#### [WORK TO COMPLETE]
Look through the data below for the line with "g u \<and> g", and transcribe it exactly together with each line after it up to and including the line with "using less_powr_inverse_iff[of u". Give nothing else.

Saved data entries:
□ □ □

lemma nn_integral_ray_measure_pareto:
  fixes f :: "ereal^'p \<Rightarrow> real" and v :: "real^'p"
  assumes \<alpha>: "\<alpha> > 0" and c: "c > 0" and v_nonneg: "\<forall>i. 0 \<le> v $ i"
    and [measurable]: "f \<in> borel_measurable borel" and f_nonneg: "\<And>x. 0 \<le> f x"
    and f_bounded: "\<And>x. x \<in> cone \<Longrightarrow> f x \<le> B"
    and f_vanish: "\<And>t. 0 \<le> t \<Longrightarrow> t \<le> c \<Longrightarrow> f (emb (t *\<^sub>R v)) = 0"
  shows "(\<integral>\<^sup>+ x. ennreal (f x) \<partial>ray_measure \<alpha> v)
    = ennreal (c powr (-\<alpha>) * integral\<^sup>L (pareto \<alpha> c) (\<lambda>y. f (emb (max y 0 *\<^sub>R v))))"
proof -
  define d where "d = c powr (-\<alpha>)"
  have d: "d > 0" using c by (simp add: d_def)
  define g where "g u = f (emb (max (c * u powr (-1/\<alpha>)) 0 *\<^sub>R v))" for u :: real
  have [measurable]: "g \<in> borel_measurable borel" unfolding g_def by measurable
  have g_bounds: "0 \<le> g u \<and> g u \<le> B" for u
    using f_nonneg f_bounded v_nonneg by (auto simp: g_def cone_def)
  have ray_scaled: "ray \<alpha> v (d * u) = emb (max (c * u powr (-1/\<alpha>)) 0 *\<^sub>R v)" if "u > 0" for u
    using ray_powr_mult[OF \<alpha> c that] that c by (simp add: d_def)
  have "u powr (-1/\<alpha>) \<le> 1" if "u > 1" for u
    using less_powr_inverse_iff[of u 1 \<alpha>] that \<alpha> by simp
  hence "g u = 0" if "u > 1" for u
    using that c by (auto simp: g_def intro!: f_vanish mult_left_le)
  hence integrand: "ennreal (f (ray \<alpha> v (0 + d * u))) * indicator {0<..} (0 + d * u)
      = ennreal (g u) * indicator {0<..1} u" for u
    using d ray_scaled[of u] by (cases "u > 0") (auto simp: indicator_def zero_less_mult_iff g_def)
  let ?U = "restrict_space lborel {0<..(1::real)}"
  interpret U: prob_space ?U by (rule prob_space_unit_interval)
  have "(\<integral>\<^sup>+ x. ennreal (f x) \<partial>ray_measure \<alpha> v)
      = (\<integral>\<^sup>+ s. ennreal (f (ray \<alpha> v s)) * indicator {0<..} s \<partial>lborel)"
    by (rule nn_integral_ray_measure) measurable
  also have "\<dots> = ennreal \<bar>d\<bar> * (\<integral>\<^sup>+ u. ennreal (f (ray \<alpha> v (0 + d * u))) * indicator {0<..} (0 + d * u) \<partial>lborel)"
    by (rule nn_integral_real_affine) (use d in auto)
  also have "\<dots> = ennreal \<bar>d\<bar> * (\<integral>\<^sup>+ u. ennreal (g u) * indicator {0<..1} u \<partial>lborel)"
    by (simp only: integrand)
  also have "(\<integral>\<^sup>+ u. ennreal (g u) * indicator {0<..1} u \<partial>lborel) = ennreal (integral\<^sup>L ?U g)"
    by (subst nn_integral_restrict_space[symmetric], simp, rule U.nn_integral_eq_integral_bounded)
       (use g_bounds in \<open>auto intro: measurable_restrict_space1\<close>)
  also have "integral\<^sup>L ?U g = integral\<^sup>L (pareto \<alpha> c) (\<lambda>y. f (emb (max y 0 *\<^sub>R v)))"
    unfolding pareto_def g_def by (rule integral_distr[symmetric, OF pareto_map_measurable]) measurable
  finally show ?thesis
    using d by (simp add: d_def ennreal_mult' integral_nonneg_AE f_nonneg)
qed

section \<open>A regularly varying random variable\<close>

lemma (in finite_measure) integral_split_bounded:
  assumes [measurable]: "F \<in> borel_measurable M" "S \<in> sets M" "T \<in> sets M"
    and F_bounds: "\<And>\<omega>. \<omega> \<in> space M \<Longrightarrow> 0 \<le> F \<omega> \<and> F \<omega> \<le> B"
    and F_vanish: "\<And>\<omega>. \<omega> \<in> space M \<Longrightarrow> \<omega> \<notin> S \<Longrightarrow> \<omega> \<notin> T \<Longrightarrow> F \<omega> = 0"
  shows "(\<integral>\<omega>. F \<omega> * indicator S \<omega> \<partial>M) \<le> integral\<^sup>L M F"
    and "integral\<^sup>L M F \<le> (\<integral>\<omega>. F \<omega> * indicator S \<omega> \<partial>M) + B * measure M T"
proof -
  have B: "0 \<le> B" if "\<omega> \<in> space M" for \<omega> using F_bounds[OF that] by linarith
  have int_F: "integrable M F"
    by (rule integrable_const_bound[where B=B]) (use F_bounds in \<open>auto intro!: AE_I2\<close>)
  have int_FS: "integrable M (\<lambda>\<omega>. F \<omega> * indicator S \<omega>)"
    using int_F by (rule integrable_real_mult_indicator[rotated]) simp
  have int_T: "integrable M (\<lambda>\<omega>. B * indicator T \<omega>)"
    by (intro integrable_mult_right integrable_real_indicator) (simp_all add: less_top[symmetric])
  show "(\<integral>\<omega>. F \<omega> * indicator S \<omega> \<partial>M) \<le> integral\<^sup>L M F"
    by (rule integral_mono[OF int_FS int_F]) (use F_bounds in \<open>auto simp: indicator_def\<close>)
  have "integral\<^sup>L M F \<le> (\<integral>\<omega>. F \<omega> * indicator S \<omega> + B * indicator T \<omega> \<partial>M)"
  proof (rule integral_mono[OF int_F Bochner_Integration.integrable_add[OF int_FS int_T]])
    fix \<omega> assume \<omega>: "\<omega> \<in> space M"
    show "F \<omega> \<le> F \<omega> * indicator S \<omega> + B * indicator T \<omega>"
      using F_bounds[OF \<omega>] F_vanish[OF \<omega>] B[OF \<omega>]
      by (cases "\<omega> \<in> S"; cases "\<omega> \<in> T") simp_all
  qed
  thus "integral\<^sup>L M F \<le> (\<integral>\<omega>. F \<omega> * indicator S \<omega> \<partial>M) + B * measure M T"
    using int_FS int_T by simp
qed

context
  fixes M :: "'a measure" and Z :: "'a \<Rightarrow> real" and \<alpha> :: real and b :: "nat \<Rightarrow> real"
  assumes prob: "prob_space M" and Z_measurable[measurable]: "Z \<in> borel_measurable M"
    and \<alpha>: "\<alpha> > 0" and b_pos: "\<forall>n. b n > 0"
    and tail_limit: "\<forall>x>0. ((\<lambda>n. real n * measure M {\<omega>\<in>space M. Z \<omega> / b n > x})
                        \<longlongrightarrow> x powr (-\<alpha>)) sequentially"
begin

interpretation prob_space M by (rule prob)

lemma tail_limit_scaled:
  assumes "x > 0"
  shows "((\<lambda>n. real n * prob {\<omega>\<in>space M. Z \<omega> > x * b n}) \<longlongrightarrow> x powr (-\<alpha>)) sequentially"
proof -
  have eq: "{\<omega>\<in>space M. Z \<omega> / b n > x} = {\<omega>\<in>space M. Z \<omega> > x * b n}" for n
    using b_pos[rule_format, of n] by (auto simp: field_simps)
  have "((\<lambda>n. real n * prob {\<omega>\<in>space M. Z \<omega> / b n > x}) \<longlongrightarrow> x powr (-\<alpha>)) sequentially"
    using tail_limit assms by blast
  thus ?thesis by (simp only: eq)
qed

lemma tail_prob_at_b_tendsto_0: "((\<lambda>n. prob {\<omega>\<in>space M. Z \<omega> > b n}) \<longlongrightarrow> 0) sequentially"
proof -
  have "((\<lambda>n. (real n * prob {\<omega>\<in>space M. Z \<omega> > 1 * b n}) * (1 / real n)) \<longlongrightarrow> 1 * 0) sequentially"
    using tail_limit_scaled[of 1] by (intro tendsto_mult lim_const_over_n) auto
  moreover have "eventually (\<lambda>n. (real n * prob {\<omega>\<in>space M. Z \<omega> > 1 * b n}) * (1 / real n)
      = prob {\<omega>\<in>space M. Z \<omega> > b n}) sequentially"
    using eventually_gt_at_top[of 0] by eventually_elim simp
  ultimately show ?thesis by (simp add: tendsto_cong)
qed

lemma tail_prob_pos:
  assumes K: "K > 0"
  shows "prob {\<omega>\<in>space M. Z \<omega> > K} > 0"
proof (rule ccontr)
  let ?q = "\<lambda>y. prob {\<omega>\<in>space M. Z \<omega> > y}"
  have q_antimono: "y1 \<le> y2 \<Longrightarrow> ?q y2 \<le> ?q y1" for y1 y2
    by (intro finite_measure_mono) auto
  assume "\<not> ?q K > 0"
  hence qK: "?q K = 0" using measure_nonneg[of M "{\<omega>\<in>space M. Z \<omega> > K}"] by linarith
  have "?q y = 0" if y: "y > 0" for y
  proof (cases "y \<ge> K")
    case True thus ?thesis using q_antimono[OF True] qK measure_nonneg[of M "{\<omega>\<in>space M. Z \<omega> > y}"] by linarith
  next
    case False
    have x: "K / y > 0" using K y by simp
    have "eventually (\<lambda>n. real n * ?q (K / y * b n) > 0) sequentially"
      using order_tendstoD(1)[OF tail_limit_scaled[OF x], of 0] x K y by simp
    hence "eventually (\<lambda>n. ?q y \<le> ?q (b n)) sequentially"
    proof eventually_elim
      case (elim n)
      hence "?q (K / y * b n) > 0" by (simp add: zero_less_mult_iff)
      hence "K / y * b n < K" using q_antimono[of K "K / y * b n"] qK by (cases "K / y * b n < K") auto
      hence "b n < y" using y K by (simp add: field_simps)
      thus ?case by (intro q_antimono) simp
    qed
    hence "?q y \<le> 0" using tail_prob_at_b_tendsto_0 by (intro tendsto_lowerbound) auto
    thus ?thesis using measure_nonneg[of M "{\<omega>\<in>space M. Z \<omega> > y}"] by linarith
  qed
  hence "(\<lambda>n. real n * ?q (1 * b n)) = (\<lambda>n. 0)" using b_pos by (auto simp: fun_eq_iff)
  hence "((\<lambda>n. 0::real) \<longlongrightarrow> 1) sequentially" using tail_limit_scaled[of 1] by simp
  thus False using LIMSEQ_unique[OF tendsto_const] by fastforce
qed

□ □ □

#### [YOUR RESPONSE]
  have g_bounds: "0 \<le> g u \<and> g u \<le> B" for u
    using f_nonneg f_bounded v_nonneg by (auto simp: g_def cone_def)
  have ray_scaled: "ray \<alpha> v (d * u) = emb (max (c * u powr (-1/\<alpha>)) 0 *\<^sub>R v)" if "u > 0" for u
    using ray_powr_mult[OF \<alpha> c that] that c by (simp add: d_def)
  have "u powr (-1/\<alpha>) \<le> 1" if "u > 1" for u
    using less_powr_inverse_iff[of u 1 \<alpha>] that \<alpha> by simp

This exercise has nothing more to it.